Description of the task ::
Check every line of the entries below for "this", and copy the lines that have it.

_ _ _ _ _

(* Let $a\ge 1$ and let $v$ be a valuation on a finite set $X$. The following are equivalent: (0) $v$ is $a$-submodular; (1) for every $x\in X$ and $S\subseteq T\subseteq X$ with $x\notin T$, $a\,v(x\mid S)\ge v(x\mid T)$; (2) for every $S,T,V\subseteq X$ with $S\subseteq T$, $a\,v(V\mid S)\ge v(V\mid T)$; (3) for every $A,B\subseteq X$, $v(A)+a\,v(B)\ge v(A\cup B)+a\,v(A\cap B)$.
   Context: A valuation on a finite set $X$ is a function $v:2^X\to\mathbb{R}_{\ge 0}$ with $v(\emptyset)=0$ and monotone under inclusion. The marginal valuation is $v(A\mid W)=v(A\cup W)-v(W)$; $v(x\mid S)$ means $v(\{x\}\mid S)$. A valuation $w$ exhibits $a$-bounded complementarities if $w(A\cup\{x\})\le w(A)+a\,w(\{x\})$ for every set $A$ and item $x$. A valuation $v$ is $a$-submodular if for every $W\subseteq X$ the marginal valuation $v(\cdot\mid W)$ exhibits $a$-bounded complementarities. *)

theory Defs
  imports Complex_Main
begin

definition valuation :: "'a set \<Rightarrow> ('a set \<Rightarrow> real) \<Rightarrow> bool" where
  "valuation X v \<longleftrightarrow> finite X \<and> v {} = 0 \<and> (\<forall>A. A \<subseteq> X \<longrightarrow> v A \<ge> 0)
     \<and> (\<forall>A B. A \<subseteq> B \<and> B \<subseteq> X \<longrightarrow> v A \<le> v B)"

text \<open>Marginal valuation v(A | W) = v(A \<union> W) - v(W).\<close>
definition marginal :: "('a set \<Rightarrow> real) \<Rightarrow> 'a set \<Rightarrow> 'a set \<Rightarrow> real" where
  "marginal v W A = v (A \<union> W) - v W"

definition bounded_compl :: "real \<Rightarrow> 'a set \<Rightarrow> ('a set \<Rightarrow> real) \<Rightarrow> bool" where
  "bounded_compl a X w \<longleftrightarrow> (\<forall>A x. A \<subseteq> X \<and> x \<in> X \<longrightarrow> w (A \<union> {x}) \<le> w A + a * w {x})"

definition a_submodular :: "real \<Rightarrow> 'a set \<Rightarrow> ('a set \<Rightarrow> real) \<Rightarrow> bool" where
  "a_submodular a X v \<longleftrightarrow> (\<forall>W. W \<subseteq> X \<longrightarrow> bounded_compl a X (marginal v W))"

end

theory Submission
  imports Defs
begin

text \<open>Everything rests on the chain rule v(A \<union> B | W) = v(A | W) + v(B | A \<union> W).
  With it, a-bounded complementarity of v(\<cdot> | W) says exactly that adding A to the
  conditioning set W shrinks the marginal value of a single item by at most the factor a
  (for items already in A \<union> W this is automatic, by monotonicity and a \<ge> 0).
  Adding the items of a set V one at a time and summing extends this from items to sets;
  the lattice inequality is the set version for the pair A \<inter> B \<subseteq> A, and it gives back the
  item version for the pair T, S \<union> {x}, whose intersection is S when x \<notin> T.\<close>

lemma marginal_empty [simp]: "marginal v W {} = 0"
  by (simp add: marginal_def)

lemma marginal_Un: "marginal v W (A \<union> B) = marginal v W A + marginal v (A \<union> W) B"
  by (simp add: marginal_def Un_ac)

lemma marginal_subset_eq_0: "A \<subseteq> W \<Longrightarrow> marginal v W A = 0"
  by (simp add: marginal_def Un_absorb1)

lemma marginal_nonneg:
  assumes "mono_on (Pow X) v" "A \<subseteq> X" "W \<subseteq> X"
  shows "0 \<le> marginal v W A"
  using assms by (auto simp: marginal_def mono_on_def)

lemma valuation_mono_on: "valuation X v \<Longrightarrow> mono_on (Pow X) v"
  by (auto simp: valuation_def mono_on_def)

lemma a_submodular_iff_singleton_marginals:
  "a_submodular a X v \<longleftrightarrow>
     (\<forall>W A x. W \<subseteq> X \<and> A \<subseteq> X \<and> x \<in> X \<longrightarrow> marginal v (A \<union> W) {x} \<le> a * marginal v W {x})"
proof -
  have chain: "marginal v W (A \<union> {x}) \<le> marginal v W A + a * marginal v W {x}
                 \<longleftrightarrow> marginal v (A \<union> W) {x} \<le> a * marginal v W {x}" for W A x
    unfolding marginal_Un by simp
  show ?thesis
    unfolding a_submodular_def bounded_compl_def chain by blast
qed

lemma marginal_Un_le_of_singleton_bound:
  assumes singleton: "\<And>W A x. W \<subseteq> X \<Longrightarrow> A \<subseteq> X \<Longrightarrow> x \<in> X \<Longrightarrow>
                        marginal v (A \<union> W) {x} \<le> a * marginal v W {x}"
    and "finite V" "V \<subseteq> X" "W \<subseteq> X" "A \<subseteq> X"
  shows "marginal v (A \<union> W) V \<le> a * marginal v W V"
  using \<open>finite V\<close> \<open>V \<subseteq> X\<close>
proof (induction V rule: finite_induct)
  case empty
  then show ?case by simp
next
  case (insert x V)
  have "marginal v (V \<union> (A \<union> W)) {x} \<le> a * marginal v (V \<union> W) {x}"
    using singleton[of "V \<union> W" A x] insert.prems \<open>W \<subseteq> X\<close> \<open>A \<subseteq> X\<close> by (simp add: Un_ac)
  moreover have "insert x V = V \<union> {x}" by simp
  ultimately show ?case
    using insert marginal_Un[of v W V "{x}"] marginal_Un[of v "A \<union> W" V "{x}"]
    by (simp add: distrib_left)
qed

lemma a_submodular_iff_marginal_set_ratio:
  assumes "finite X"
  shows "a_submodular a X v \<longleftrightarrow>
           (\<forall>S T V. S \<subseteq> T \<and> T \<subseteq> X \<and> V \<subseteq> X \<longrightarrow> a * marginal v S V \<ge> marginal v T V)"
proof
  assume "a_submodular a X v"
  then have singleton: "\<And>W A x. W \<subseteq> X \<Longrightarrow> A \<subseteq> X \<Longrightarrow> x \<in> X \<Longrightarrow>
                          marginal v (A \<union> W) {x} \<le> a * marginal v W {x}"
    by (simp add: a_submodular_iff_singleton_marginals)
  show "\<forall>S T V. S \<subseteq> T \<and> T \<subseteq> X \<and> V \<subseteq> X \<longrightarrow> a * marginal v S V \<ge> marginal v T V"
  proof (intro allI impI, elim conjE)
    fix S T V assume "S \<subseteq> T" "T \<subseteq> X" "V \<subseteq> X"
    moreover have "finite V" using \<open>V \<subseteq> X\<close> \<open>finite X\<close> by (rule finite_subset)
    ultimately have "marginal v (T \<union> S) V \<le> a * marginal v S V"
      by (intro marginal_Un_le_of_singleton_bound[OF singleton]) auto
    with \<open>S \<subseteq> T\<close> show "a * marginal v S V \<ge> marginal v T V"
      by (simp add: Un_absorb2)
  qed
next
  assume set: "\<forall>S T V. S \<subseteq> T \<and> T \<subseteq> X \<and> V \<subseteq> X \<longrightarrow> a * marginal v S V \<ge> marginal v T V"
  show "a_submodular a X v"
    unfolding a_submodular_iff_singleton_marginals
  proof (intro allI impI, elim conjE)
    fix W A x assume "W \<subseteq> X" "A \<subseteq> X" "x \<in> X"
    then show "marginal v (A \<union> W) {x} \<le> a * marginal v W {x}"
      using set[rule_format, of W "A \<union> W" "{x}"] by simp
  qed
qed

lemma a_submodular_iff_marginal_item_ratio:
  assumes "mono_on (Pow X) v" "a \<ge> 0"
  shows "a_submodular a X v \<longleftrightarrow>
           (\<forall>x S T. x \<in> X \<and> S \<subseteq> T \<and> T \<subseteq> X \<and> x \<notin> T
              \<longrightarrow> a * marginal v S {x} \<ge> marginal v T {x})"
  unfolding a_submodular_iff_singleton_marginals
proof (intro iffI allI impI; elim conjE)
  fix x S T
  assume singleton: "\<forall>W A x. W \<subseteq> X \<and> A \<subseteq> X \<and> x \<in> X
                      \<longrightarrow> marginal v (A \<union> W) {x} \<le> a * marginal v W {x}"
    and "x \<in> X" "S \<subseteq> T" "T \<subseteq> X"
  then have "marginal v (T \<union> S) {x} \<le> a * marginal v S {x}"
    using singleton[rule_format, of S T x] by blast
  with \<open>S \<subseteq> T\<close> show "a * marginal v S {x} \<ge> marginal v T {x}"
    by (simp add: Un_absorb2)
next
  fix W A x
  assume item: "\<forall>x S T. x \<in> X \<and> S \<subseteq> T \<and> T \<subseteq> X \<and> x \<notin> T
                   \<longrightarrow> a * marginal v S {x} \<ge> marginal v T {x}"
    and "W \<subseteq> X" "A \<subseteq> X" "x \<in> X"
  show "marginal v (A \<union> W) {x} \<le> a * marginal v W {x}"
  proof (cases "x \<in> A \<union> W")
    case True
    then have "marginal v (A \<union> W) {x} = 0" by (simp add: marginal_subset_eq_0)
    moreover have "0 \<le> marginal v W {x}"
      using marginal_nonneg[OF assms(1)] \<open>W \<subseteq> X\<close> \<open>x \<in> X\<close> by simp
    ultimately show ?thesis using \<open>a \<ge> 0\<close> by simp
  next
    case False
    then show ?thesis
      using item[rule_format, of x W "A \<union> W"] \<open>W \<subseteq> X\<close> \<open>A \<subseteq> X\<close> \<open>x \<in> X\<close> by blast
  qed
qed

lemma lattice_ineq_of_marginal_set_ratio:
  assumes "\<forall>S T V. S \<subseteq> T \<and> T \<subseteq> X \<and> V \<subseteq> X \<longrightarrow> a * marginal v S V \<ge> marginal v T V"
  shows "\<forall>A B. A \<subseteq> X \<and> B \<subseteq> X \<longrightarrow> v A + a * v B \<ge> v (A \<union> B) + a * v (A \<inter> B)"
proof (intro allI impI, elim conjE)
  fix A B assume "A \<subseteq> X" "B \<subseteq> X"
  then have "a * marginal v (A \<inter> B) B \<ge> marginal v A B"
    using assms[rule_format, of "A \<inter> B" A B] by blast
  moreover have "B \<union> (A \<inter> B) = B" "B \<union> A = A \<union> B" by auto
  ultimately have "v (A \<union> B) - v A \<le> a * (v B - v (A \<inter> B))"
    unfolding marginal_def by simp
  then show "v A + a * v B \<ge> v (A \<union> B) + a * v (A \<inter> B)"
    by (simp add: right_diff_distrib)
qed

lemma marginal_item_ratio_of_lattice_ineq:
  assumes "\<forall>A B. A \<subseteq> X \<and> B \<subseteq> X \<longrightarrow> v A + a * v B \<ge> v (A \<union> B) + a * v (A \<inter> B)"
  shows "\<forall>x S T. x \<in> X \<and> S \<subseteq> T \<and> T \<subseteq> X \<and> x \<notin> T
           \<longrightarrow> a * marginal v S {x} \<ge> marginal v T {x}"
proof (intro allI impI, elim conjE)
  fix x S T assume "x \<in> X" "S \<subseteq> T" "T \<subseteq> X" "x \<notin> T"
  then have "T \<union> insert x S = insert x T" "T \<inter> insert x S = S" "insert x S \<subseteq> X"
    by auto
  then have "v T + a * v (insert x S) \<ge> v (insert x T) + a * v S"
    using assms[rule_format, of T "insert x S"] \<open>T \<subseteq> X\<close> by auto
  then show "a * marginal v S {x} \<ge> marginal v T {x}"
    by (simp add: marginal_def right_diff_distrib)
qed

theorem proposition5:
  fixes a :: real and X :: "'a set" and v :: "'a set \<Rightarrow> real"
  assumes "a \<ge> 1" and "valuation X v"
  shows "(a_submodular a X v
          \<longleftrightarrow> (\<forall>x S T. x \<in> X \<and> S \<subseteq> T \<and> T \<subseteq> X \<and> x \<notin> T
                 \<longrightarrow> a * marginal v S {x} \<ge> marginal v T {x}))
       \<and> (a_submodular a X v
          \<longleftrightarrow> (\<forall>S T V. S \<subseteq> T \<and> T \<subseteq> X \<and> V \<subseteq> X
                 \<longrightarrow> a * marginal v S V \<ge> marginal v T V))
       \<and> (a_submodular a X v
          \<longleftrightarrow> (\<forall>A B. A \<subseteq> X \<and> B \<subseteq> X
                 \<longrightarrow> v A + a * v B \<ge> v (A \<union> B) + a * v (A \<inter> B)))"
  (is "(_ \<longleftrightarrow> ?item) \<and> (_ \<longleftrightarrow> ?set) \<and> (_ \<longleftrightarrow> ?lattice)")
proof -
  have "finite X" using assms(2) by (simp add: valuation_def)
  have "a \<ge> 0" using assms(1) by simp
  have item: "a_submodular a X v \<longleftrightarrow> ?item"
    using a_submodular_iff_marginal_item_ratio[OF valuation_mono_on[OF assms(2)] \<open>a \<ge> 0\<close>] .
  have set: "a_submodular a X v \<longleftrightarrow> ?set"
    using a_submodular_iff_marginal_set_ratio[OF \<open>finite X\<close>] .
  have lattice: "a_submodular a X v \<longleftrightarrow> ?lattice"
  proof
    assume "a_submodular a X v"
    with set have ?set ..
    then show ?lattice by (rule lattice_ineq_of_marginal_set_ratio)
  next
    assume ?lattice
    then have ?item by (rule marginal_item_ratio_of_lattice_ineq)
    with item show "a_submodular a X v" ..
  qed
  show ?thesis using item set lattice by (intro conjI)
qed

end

_ _ _ _ _

Output below ::
  (for items already in A \<union> W this is automatic, by monotonicity and a \<ge> 0).
  Adding the items of a set V one at a time and summing extends this from items to sets;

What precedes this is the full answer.